### THE TASK:
Within the records below, find each line with the word "most" and copy it out.

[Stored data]
╔══

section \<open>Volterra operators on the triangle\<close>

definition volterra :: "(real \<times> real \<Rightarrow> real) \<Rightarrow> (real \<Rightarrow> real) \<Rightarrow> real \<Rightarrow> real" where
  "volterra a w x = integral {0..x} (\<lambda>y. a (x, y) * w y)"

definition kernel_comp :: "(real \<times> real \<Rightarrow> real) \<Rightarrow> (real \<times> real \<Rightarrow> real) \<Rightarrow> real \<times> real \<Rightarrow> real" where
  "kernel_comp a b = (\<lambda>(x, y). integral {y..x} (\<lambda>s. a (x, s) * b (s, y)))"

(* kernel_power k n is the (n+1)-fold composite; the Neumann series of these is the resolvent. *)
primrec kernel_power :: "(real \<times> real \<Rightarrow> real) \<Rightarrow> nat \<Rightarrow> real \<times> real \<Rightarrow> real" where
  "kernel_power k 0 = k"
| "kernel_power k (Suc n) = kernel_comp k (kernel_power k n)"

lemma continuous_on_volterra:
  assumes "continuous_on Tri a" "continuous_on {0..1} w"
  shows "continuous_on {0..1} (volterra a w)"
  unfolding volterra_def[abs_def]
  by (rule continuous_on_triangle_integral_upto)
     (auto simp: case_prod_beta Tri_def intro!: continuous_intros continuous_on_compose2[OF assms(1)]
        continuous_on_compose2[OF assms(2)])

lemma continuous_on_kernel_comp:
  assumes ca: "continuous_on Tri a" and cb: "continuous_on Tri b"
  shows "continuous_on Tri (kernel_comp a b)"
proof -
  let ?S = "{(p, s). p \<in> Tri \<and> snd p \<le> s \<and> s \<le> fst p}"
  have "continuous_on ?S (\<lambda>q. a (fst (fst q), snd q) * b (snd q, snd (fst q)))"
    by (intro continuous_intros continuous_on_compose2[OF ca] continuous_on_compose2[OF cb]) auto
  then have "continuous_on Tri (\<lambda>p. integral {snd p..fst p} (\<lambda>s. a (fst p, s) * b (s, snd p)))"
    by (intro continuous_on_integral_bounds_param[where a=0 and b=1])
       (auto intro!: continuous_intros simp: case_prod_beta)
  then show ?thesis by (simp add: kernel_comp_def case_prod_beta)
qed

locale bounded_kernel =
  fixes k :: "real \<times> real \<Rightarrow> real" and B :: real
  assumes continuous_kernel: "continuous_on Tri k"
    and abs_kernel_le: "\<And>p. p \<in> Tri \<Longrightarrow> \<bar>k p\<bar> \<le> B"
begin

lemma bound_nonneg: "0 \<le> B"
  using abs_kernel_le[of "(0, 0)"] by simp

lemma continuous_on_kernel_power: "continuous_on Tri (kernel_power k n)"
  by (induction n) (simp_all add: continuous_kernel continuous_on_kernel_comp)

╚══
╔══

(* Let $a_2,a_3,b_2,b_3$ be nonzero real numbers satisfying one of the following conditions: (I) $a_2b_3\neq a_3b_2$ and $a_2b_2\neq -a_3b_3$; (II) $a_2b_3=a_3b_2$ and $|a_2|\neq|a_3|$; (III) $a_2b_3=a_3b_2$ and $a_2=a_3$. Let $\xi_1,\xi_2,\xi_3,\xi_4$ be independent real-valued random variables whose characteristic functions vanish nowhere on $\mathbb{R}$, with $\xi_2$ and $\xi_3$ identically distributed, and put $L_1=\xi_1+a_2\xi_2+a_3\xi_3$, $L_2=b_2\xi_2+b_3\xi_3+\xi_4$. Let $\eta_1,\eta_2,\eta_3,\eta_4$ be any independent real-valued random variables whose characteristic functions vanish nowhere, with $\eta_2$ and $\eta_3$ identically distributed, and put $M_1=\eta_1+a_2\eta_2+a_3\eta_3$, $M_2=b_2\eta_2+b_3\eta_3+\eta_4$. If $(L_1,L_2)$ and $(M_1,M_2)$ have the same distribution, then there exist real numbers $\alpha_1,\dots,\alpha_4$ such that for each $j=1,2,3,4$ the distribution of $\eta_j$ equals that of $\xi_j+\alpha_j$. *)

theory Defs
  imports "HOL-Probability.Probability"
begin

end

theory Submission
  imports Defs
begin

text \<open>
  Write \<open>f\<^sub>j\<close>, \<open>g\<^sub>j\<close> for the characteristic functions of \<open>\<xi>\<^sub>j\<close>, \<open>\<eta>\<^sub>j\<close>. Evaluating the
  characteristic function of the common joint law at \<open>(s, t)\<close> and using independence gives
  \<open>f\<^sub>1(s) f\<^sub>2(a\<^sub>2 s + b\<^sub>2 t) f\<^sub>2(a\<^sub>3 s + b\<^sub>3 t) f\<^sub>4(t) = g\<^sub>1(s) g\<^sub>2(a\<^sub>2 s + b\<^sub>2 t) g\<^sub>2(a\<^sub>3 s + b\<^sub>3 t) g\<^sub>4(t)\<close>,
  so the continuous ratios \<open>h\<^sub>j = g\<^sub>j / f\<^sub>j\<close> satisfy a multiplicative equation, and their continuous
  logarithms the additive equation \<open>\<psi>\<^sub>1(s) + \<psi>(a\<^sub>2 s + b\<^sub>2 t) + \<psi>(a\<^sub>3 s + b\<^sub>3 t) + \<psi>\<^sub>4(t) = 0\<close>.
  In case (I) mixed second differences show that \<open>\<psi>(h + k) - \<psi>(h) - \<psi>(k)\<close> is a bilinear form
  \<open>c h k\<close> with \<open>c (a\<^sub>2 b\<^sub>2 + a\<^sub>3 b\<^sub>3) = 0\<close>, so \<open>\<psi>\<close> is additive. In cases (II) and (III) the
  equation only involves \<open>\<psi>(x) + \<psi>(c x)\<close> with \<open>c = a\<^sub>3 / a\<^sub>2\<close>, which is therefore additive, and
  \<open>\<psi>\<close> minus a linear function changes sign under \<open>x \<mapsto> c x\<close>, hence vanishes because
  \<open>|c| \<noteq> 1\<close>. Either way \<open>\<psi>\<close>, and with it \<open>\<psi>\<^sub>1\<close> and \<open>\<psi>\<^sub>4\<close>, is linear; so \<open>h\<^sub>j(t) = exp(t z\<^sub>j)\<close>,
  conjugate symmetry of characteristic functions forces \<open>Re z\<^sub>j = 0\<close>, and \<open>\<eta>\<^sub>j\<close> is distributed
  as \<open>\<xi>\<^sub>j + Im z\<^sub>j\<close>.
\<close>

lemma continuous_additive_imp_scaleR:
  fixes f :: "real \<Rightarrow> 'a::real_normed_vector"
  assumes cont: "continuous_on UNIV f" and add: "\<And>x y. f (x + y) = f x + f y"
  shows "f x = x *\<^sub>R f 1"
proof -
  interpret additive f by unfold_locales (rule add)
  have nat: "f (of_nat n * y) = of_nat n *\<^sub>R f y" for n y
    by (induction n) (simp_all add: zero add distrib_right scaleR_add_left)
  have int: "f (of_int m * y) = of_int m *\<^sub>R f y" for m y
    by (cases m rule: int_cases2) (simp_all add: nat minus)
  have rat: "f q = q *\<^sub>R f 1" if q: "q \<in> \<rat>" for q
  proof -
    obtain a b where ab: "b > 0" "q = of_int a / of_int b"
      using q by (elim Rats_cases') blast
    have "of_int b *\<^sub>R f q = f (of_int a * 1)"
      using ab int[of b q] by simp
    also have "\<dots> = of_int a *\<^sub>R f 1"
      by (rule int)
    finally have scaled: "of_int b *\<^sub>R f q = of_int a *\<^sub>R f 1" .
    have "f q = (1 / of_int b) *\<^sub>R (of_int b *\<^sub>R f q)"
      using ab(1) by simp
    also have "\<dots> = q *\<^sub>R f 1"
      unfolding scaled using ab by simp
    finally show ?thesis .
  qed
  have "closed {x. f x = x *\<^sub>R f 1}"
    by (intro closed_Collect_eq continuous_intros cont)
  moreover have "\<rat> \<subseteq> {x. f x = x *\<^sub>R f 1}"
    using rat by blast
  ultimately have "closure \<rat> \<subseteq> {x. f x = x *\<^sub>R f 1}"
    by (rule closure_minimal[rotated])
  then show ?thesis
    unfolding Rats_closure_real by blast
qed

╚══
╔══

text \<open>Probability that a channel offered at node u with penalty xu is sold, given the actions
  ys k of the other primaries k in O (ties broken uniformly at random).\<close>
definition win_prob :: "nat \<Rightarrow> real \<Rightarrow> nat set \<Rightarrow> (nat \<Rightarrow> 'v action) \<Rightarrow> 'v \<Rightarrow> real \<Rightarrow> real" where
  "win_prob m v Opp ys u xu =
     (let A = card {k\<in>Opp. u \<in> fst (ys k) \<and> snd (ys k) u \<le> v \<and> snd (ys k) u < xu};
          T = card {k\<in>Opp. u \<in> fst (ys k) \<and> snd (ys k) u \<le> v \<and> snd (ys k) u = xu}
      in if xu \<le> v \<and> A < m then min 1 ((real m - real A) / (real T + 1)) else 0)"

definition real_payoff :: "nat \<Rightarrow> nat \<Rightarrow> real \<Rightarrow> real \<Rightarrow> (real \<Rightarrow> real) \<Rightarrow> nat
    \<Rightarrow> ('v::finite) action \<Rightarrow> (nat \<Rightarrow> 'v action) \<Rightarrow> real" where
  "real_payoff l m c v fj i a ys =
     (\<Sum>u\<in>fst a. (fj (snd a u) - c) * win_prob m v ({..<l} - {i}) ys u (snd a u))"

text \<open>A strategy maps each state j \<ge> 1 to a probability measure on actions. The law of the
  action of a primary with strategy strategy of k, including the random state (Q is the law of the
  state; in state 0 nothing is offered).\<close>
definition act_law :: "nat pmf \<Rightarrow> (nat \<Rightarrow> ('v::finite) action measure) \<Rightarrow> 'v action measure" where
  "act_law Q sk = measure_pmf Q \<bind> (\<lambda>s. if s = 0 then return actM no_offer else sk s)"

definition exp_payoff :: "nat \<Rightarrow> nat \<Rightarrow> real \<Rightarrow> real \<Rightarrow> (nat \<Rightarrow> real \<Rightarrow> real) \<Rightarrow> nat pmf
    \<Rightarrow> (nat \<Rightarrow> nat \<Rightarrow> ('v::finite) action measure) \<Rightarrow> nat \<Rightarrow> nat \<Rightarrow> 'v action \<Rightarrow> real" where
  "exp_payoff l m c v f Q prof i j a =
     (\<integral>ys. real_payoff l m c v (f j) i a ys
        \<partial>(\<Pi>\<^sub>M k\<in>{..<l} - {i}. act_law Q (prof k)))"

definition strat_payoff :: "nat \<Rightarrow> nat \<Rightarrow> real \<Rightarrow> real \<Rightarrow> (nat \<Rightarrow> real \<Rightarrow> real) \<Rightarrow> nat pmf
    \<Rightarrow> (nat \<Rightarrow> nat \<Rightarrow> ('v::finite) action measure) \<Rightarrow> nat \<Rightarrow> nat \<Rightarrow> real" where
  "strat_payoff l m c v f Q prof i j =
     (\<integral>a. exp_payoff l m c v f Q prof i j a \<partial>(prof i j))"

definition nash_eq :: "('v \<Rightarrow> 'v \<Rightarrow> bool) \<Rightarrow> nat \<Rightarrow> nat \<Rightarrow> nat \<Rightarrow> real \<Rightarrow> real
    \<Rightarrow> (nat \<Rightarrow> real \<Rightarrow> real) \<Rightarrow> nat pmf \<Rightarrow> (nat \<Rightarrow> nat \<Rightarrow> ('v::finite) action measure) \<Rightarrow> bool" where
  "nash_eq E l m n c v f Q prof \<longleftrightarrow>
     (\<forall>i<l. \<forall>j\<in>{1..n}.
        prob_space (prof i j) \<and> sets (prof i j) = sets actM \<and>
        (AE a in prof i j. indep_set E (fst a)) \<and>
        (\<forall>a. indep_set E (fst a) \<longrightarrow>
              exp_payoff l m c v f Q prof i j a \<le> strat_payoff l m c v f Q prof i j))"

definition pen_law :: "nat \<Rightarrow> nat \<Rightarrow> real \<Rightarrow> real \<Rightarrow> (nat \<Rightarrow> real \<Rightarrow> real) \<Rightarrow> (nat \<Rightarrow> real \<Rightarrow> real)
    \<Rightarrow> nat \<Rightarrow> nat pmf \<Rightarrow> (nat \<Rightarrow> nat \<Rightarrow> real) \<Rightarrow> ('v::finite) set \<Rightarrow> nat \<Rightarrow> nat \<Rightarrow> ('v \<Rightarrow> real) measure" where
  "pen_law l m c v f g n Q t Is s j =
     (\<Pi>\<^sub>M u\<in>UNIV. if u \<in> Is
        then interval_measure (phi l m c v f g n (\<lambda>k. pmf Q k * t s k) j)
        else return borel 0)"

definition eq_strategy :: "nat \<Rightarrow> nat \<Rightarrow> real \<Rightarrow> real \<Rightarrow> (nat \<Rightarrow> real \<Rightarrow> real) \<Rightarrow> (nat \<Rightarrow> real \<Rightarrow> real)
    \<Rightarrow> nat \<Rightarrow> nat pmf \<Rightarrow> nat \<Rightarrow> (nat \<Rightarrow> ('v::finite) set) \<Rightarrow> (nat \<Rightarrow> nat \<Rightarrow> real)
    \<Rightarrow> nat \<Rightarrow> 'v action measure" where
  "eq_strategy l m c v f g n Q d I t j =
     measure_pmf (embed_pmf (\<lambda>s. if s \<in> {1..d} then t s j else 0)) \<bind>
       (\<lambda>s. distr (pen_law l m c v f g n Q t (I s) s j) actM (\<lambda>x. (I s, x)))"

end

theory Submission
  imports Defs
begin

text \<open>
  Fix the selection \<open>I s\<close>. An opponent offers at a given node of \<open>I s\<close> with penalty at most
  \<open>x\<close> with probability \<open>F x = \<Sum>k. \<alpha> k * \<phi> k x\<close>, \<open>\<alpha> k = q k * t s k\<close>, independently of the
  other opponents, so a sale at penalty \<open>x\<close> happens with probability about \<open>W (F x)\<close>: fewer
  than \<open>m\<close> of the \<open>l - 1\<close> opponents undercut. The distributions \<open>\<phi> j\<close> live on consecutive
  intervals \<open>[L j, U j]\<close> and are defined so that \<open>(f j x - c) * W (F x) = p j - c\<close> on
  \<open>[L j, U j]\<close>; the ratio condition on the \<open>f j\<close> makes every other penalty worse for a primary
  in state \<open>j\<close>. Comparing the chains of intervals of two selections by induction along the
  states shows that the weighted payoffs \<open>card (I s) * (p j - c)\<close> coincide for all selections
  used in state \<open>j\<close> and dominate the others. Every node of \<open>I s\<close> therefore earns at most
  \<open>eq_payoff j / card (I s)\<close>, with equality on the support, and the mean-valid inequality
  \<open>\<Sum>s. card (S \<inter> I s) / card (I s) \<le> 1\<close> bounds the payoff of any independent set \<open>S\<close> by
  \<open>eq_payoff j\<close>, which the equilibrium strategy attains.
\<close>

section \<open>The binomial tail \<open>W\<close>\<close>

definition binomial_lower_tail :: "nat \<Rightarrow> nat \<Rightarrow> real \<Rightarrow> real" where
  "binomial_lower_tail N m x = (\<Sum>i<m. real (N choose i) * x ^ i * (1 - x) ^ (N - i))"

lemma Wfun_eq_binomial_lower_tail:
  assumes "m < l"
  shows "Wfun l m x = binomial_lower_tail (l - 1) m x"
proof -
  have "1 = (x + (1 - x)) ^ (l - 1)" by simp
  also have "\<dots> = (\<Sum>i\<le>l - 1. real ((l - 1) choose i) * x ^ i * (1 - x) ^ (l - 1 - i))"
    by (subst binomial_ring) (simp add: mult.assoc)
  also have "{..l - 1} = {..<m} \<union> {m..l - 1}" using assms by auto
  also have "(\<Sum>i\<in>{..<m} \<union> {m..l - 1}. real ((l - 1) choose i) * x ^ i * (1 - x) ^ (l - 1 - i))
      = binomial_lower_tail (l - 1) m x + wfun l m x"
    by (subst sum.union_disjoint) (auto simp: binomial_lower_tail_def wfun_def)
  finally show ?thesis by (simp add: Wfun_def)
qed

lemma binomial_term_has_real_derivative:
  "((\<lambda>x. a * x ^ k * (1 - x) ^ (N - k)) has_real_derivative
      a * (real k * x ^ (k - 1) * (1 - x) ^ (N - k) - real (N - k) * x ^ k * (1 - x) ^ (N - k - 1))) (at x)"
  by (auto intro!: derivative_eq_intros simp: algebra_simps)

╚══

### TASK RESULT:
  Fix the selection \<open>I s\<close>. An opponent offers at a given node of \<open>I s\<close> with penalty at most
  used in state \<open>j\<close> and dominate the others. Every node of \<open>I s\<close> therefore earns at most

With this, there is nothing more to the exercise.